The frozen embryo transfer can be done in two different ways. The preparation can be done in two different ways. One is the medicated cycle, where the patient is exposed to at least two weeks of hormonal replacement therapy, also known as HRT. This involves the use of tablets or patches to try and build the lining of the womb. That will then be followed by the progesterone in the form of either pessaries or vaginal tablets or injections for as long as it is needed. In that sense, with a medicated cycle, the preparation is probably between 2-3 weeks. The other option is to have the embryo replaced on a natural cycle, and the natural cycle involves monitoring the ovulation that might occur in that cycle. that is very much dependent on the patient. On average, a woman would ovulate between day 12 and day 14 over the menstrual cycle, but some women ovulate a little bit earlier, and some women ovulate a little bit later. It is important that the ovulation occurs because that is a sign that the lining is ready then for implantation.
“Medicated” cycles take a little longer as you will need to take medications that will temporarily “switch off” your ovaries in the month leading up to the cycle month. Once you begin your next period, you will have approximately 10-12 days of medicine (estrogen) to thicken your lining followed by 3-5 days of medicine (progesterone) that will prepare the lining to receive the embryo.
Natural cycles begin on the first day of your period and once ovulation is detected approximately 14 days later, the embryo thaw and transfer is scheduled within 3-5 days according to the developmental stage of your frozen embryos.
Normally, on average, it will take like 3 weeks more or less, it can be a little bit less or it can be a little bit more. This includes all the preparation of the patient, of course, we have different kinds of preparations so it would depend on which kind of preparation that we would do, but normally we have two kinds of cycles. We have the medicated cycle – in which we use hormones to maintain the endometrium lining growth and when we see that everything is correct, we will program the transfer which is normally 3 weeks. The first one is always done more or less on day 10 approximately of preparation with hormones.
And on the other hand, is the natural cycle – in which we will need to do more controls probably because we will need to follow accurately and a little bit better how the follicle grows and the endometrium lining grows because we need to know when the patient is going to ovulate because the embryo transfer needs to be absolutely synchronized with the ovulation. On average, this is going to take, as I said, 3 weeks and it could be more than that.
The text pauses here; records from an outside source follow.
(* Let $U$ and $V$ be finite-dimensional vector spaces over a field $\mathbb{K}$, and let $\mathcal{S}$ be a linear subspace of $\mathcal{L}(U,V)$ with $\operatorname{codim}_{\mathcal{L}(U,V)}\mathcal{S}\leq \dim V-2$. Then every range-compatible group homomorphism $F:(\mathcal{S},+)\to(V,+)$ is local, i.e. there exists $x\in U$ such that $F(s)=s(x)$ for all $s\in\mathcal{S}$.
   Context: $\mathcal{L}(U,V)$ is the space of linear maps from $U$ to $V$. For a subset $\mathcal{S}$ of $\mathcal{L}(U,V)$, a map $F:\mathcal{S}\to V$ is range-compatible when $F(s)\in\operatorname{im}s$ for all $s\in\mathcal{S}$; it is local when there exists $x\in U$ with $F(s)=s(x)$ for all $s\in\mathcal{S}$. *)

theory Defs
  imports Complex_Main "HOL-Library.Function_Algebras"
begin

definition fun_scale :: "('k::field \<Rightarrow> 'v::ab_group_add \<Rightarrow> 'v) \<Rightarrow> 'k \<Rightarrow> ('u \<Rightarrow> 'v) \<Rightarrow> ('u \<Rightarrow> 'v)"
  where "fun_scale scaleV c f = (\<lambda>x. scaleV c (f x))"

definition lin_maps :: "('k::field \<Rightarrow> 'u::ab_group_add \<Rightarrow> 'u) \<Rightarrow> ('k \<Rightarrow> 'v::ab_group_add \<Rightarrow> 'v) \<Rightarrow> ('u \<Rightarrow> 'v) set"
  where "lin_maps scaleU scaleV = {f. Vector_Spaces.linear scaleU scaleV f}"

definition range_compatible :: "('u \<Rightarrow> 'v) set \<Rightarrow> (('u \<Rightarrow> 'v) \<Rightarrow> 'v) \<Rightarrow> bool"
  where "range_compatible S F \<longleftrightarrow> (\<forall>s\<in>S. F s \<in> range s)"

definition is_local :: "('u \<Rightarrow> 'v) set \<Rightarrow> (('u \<Rightarrow> 'v) \<Rightarrow> 'v) \<Rightarrow> bool"
  where "is_local S F \<longleftrightarrow> (\<exists>x. \<forall>s\<in>S. F s = s x)"

definition additive_on :: "('u \<Rightarrow> 'v::plus) set \<Rightarrow> (('u \<Rightarrow> 'v) \<Rightarrow> 'v) \<Rightarrow> bool"
  where "additive_on S F \<longleftrightarrow> (\<forall>s\<in>S. \<forall>t\<in>S. F (s + t) = F s + F t)"

end

theory Submission
  imports Defs
begin

text \<open>
  The proof is an induction on \<open>dim U\<close>. Since the type of \<open>U\<close> cannot shrink, the induction runs
  downwards over subspaces \<open>Z \<subseteq> U\<close>: the maps in \<open>S\<close> are assumed to vanish on \<open>Z\<close>, i.e. to live
  in \<open>L(U/Z, V)\<close>, and \<open>dim U\<close> is replaced by \<open>dim U - dim Z\<close>.

  For \<open>x \<notin> Z\<close> let \<open>S'\<close> consist of the maps in \<open>S\<close> vanishing at \<open>x\<close>. Rank-nullity for \<open>s \<mapsto> s x\<close>
  shows that \<open>S'\<close> satisfies the codimension bound relative to \<open>span (Z \<union> {x})\<close> and that the
  vectors \<open>s x\<close> span a space of dimension at least 2. By induction \<open>F\<close> agrees with evaluation at
  some \<open>x'\<close> on \<open>S'\<close>, so \<open>H s = F s - s x'\<close> is additive, range-compatible and zero on \<open>S'\<close>. Then
  \<open>H s\<close> always lies on the line through \<open>s x\<close>: otherwise, for a family of linear forms on \<open>V\<close>
  that separates points and, except for one of them, kills \<open>s x\<close> but not \<open>H s\<close>, composing with
  these forms would shrink \<open>S'\<close> by more than its codimension permits. An additive \<open>H\<close> with
  \<open>H s \<in> span {s x}\<close> and at least two independent values \<open>s x\<close> is \<open>H s = c (s x)\<close>, whence
  \<open>F s = s (c x + x')\<close>.
\<close>

text \<open>
  The maps \<open>U \<Rightarrow> V\<close> do not form a finite-dimensional space, and \<open>dim\<close> is \<open>0\<close> on sets without a
  finite basis, so dimensions of sets of maps are only compared inside the span of a finite set.
\<close>

definition finitely_spanned :: "('k::field \<Rightarrow> 'v::ab_group_add \<Rightarrow> 'v) \<Rightarrow> 'v set \<Rightarrow> bool"
  where "finitely_spanned scale A \<longleftrightarrow> (\<exists>B. finite B \<and> A \<subseteq> module.span scale B)"

context vector_space
begin

lemma finitely_spanned_subset:
  assumes "finitely_spanned scale C" "A \<subseteq> span C"
  shows "finitely_spanned scale A"
proof -
  obtain B where "finite B" "C \<subseteq> span B"
    using assms(1) unfolding finitely_spanned_def by blast
  then have "A \<subseteq> span B"
    using assms(2) span_mono[of C "span B"] by (simp add: span_span)
  with \<open>finite B\<close> show ?thesis
    unfolding finitely_spanned_def by blast
qed

lemma independent_in_span_finitely_spanned:
  assumes "finitely_spanned scale C" "independent B" "B \<subseteq> span C"
  shows "finite B" and "card B \<le> dim C"
proof -
  obtain B0 where B0: "finite B0" "C \<subseteq> span B0"
    using assms(1) unfolding finitely_spanned_def by blast
  obtain BC where BC: "BC \<subseteq> C" "independent BC" "C \<subseteq> span BC" "card BC = dim C"
    by (rule basis_exists)
  have "finite BC"
    using independent_span_bound[OF B0(1) BC(2)] BC(1) B0(2) by blast
  moreover have "B \<subseteq> span BC"
    using assms(3) BC(3) span_mono[of C "span BC"] by (simp add: span_span)
  ultimately have "finite B \<and> card B \<le> card BC"
    using independent_span_bound assms(2) by blast
  then show "finite B" "card B \<le> dim C"
    using BC(4) by simp_all
qed

lemma dim_mono_finitely_spanned:
  assumes "finitely_spanned scale C" "A \<subseteq> span C"
  shows "dim A \<le> dim C"
proof -
  obtain BA where "BA \<subseteq> A" "independent BA" "A \<subseteq> span BA" "card BA = dim A"
    by (rule basis_exists)
  then show ?thesis
    using independent_in_span_finitely_spanned(2)[OF assms(1)] assms(2) by fastforce
qed

lemma dim_less_finitely_spanned:
  assumes "finitely_spanned scale C" "subspace A" "A \<subseteq> span C" "x \<in> span C" "x \<notin> A"
  shows "dim A < dim C"
proof -
  obtain BA where BA: "BA \<subseteq> A" "independent BA" "A \<subseteq> span BA" "card BA = dim A"
    by (rule basis_exists)
  have "span BA = A"
    using BA(1,3) assms(2) span_subspace by blast
  then have indep: "independent (insert x BA)"
    using independent_insertI[OF _ BA(2)] assms(5) by blast
  have sub: "insert x BA \<subseteq> span C"
    using BA(1) assms(3,4) by blast
  have "finite BA"
    using independent_in_span_finitely_spanned(1)[OF assms(1) BA(2)] BA(1) assms(3) by blast
  moreover have "x \<notin> BA"
    using BA(1) assms(5) by blast
  ultimately have "card (insert x BA) = dim A + 1"
    using BA(4) by simp
  with independent_in_span_finitely_spanned(2)[OF assms(1) indep sub] show ?thesis
    by simp
qed

lemma representation_eq_0_imp_eq_0:
  assumes "independent B" "y \<in> span B" "\<And>b. b \<in> B \<Longrightarrow> representation B y b = 0"
  shows "y = 0"
proof -
  have "representation B y = (\<lambda>b. 0)"
    using assms(3) representation_ne_zero by fastforce
  then show ?thesis
    using sum_nonzero_representation_eq[OF assms(1,2)] by simp
qed

lemma obtain_independent_pair:
  assumes "2 \<le> dim A"
  obtains a b where "a \<in> A" "b \<in> A" "a \<noteq> 0" "b \<notin> span {a}"
proof -
  obtain B where B: "B \<subseteq> A" "independent B" "card B = dim A"
    using basis_exists by metis
  then obtain a b where ab: "a \<in> B" "b \<in> B" "a \<noteq> b"
    using assms by (metis One_nat_def Suc_1 card_le_Suc_iff insert_iff not_less_eq_eq)
  have "b \<notin> span (B - {b})"
    using B(2) ab(2) unfolding dependent_def by blast
  moreover have "span {a} \<subseteq> span (B - {b})"
    using ab by (intro span_mono) auto
  ultimately show ?thesis
    using that B(1,2) ab dependent_zero by blast
qed

lemma coefficients_eq_of_scale_add:
  assumes "x \<noteq> 0" "y \<notin> span {x}" "c *s (x + y) = a *s x + b *s y"
  shows "a = c" and "b = c"
proof -
  have eq: "(c - b) *s y = (a - c) *s x"
    using assms(3) by (simp add: algebra_simps)
  show "b = c"
  proof (rule ccontr)
    assume "b \<noteq> c"
    then have "y = (inverse (c - b) * (a - c)) *s x"
      using arg_cong[OF eq, of "scale (inverse (c - b))"] by simp
    then show False
      using assms(2) unfolding span_singleton by blast
  qed
  then show "a = c"
    using eq assms(1) by simp
qed

lemma additive_collinear_imp_scalar:
  fixes g H :: "'c::plus \<Rightarrow> 'b"
  assumes closed: "\<And>s t. s \<in> S \<Longrightarrow> t \<in> S \<Longrightarrow> s + t \<in> S"
    and g_add: "\<And>s t. s \<in> S \<Longrightarrow> t \<in> S \<Longrightarrow> g (s + t) = g s + g t"
    and H_add: "\<And>s t. s \<in> S \<Longrightarrow> t \<in> S \<Longrightarrow> H (s + t) = H s + H t"
    and collinear: "\<And>s. s \<in> S \<Longrightarrow> H s \<in> span {g s}"
    and two: "2 \<le> dim (g ` S)"
  obtains c where "\<And>s. s \<in> S \<Longrightarrow> H s = c *s g s"
proof -
  have "\<forall>s\<in>S. \<exists>k. H s = k *s g s"
    using collinear unfolding span_singleton by blast
  then obtain coef where coef: "\<And>s. s \<in> S \<Longrightarrow> H s = coef s *s g s"
    by metis
  have same: "coef s = coef t"
    if "s \<in> S" "t \<in> S" "g s \<noteq> 0" "g t \<notin> span {g s}" for s t
  proof -
    have "coef (s + t) *s (g s + g t) = H (s + t)"
      using coef[OF closed[OF that(1,2)]] g_add[OF that(1,2)] by simp
    also have "\<dots> = coef s *s g s + coef t *s g t"
      using H_add[OF that(1,2)] coef that(1,2) by simp
    finally have "coef (s + t) *s (g s + g t) = coef s *s g s + coef t *s g t" .
    from coefficients_eq_of_scale_add[OF that(3,4) this] show ?thesis
      by simp
  qed
  obtain s1 s2 where s12: "s1 \<in> S" "s2 \<in> S" "g s1 \<noteq> 0" "g s2 \<notin> span {g s1}"
    using obtain_independent_pair[OF two] by blast
  have coef_eq: "coef s = coef s1" if s: "s \<in> S" "g s \<noteq> 0" for s
  proof (cases "g s \<in> span {g s1}")
    case False
    then show ?thesis
      using same[OF s12(1) s(1) s12(3)] by simp
  next
    case True
    then have "span {g s} \<subseteq> span {g s1}"
      using span_mono[of "{g s}" "span {g s1}"] by (simp add: span_span)
    then have "g s2 \<notin> span {g s}"
      using s12(4) by blast
    then show ?thesis
      using same[OF s(1) s12(2) s(2)] same[OF s12] by simp
  qed
  have "H s = coef s1 *s g s" if "s \<in> S" for s
    using coef[OF that] coef_eq[OF that] by (cases "g s = 0") auto
  then show ?thesis
    using that by blast
qed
Regarding the embryo transfer itself, the transfer lasts for 15 minutes, it is a simple process that is done without any anesthesia, and normally we recommend our patients to come over the night before the embryo transfer because on the same day of the transfer we need to see how the embryos survive the thawing and we want to make sure that they are correct before putting them back. That is why we will prefer our patients to be here the night before, we need to be sure that they are here before we thaw the embryos.
Then, we normally recommend going back to your country the day after not because it is absolutely demonstrated that it can have an impact traveling the same day of the transfer but we think that it is less stressful for the patient and it is something that if it’s possible it is something that we normally counsel.